--- PROBLEM REQUIREMENTS ---
Set down exactly the entries below, beginning at their first line and ending at the line with "proof (rule W_inf_geI)".

--- Records from a data source ---
· · ·
lemma tv_dist_argmax_le_W_inf:
  fixes A B :: "(real ^ 'k::{finite,wellorder}) measure"
  assumes A: "simplex_distribution A" and B: "onehot_distribution B"
  shows "tv_dist (label_mass (distr A borel (\<lambda>c. onehot (argmax_idx c)))) (label_mass B) / 2
           \<le> W_inf A B"
proof (rule W_inf_geI)
  show "simplex_distribution A" "simplex_distribution B"
    using A B by (simp_all add: onehot_distribution_imp_simplex_distribution)
  define R where "R i = prob_simplex \<inter> {c. argmax_idx c = i}" for i :: 'k
  have [measurable]: "Measurable.pred borel (\<lambda>c. argmax_idx c = i)" for i :: 'k
    by measurable
  have far: "1 / 2 \<le> linf_dist c (onehot j)" if "i \<noteq> j" "c \<in> R i" for i j c
    using that unfolding R_def by (intro linf_dist_onehot_ge_half) auto
  fix \<pi> assume "\<pi> \<in> couplings A B"
  then have "ennreal (1 / 2 * tv_dist (\<lambda>i. measure A (R i)) (label_mass B)) \<le> transport_cost \<pi>"
    by (rule transport_cost_ge_moved_mass)
      (use A B far in \<open>auto simp: R_def simplex_distribution_def disjoint_family_on_def\<close>)
  then show "ennreal (tv_dist (label_mass (distr A borel (\<lambda>c. onehot (argmax_idx c))))
      (label_mass B) / 2) \<le> transport_cost \<pi>"
    using A by (simp add: R_def label_mass_distr_argmax)
qed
· · ·
--- RESPONSE FOR THIS EXERCISE ---
lemma tv_dist_argmax_le_W_inf:
  fixes A B :: "(real ^ 'k::{finite,wellorder}) measure"
  assumes A: "simplex_distribution A" and B: "onehot_distribution B"
  shows "tv_dist (label_mass (distr A borel (\<lambda>c. onehot (argmax_idx c)))) (label_mass B) / 2
           \<le> W_inf A B"
proof (rule W_inf_geI)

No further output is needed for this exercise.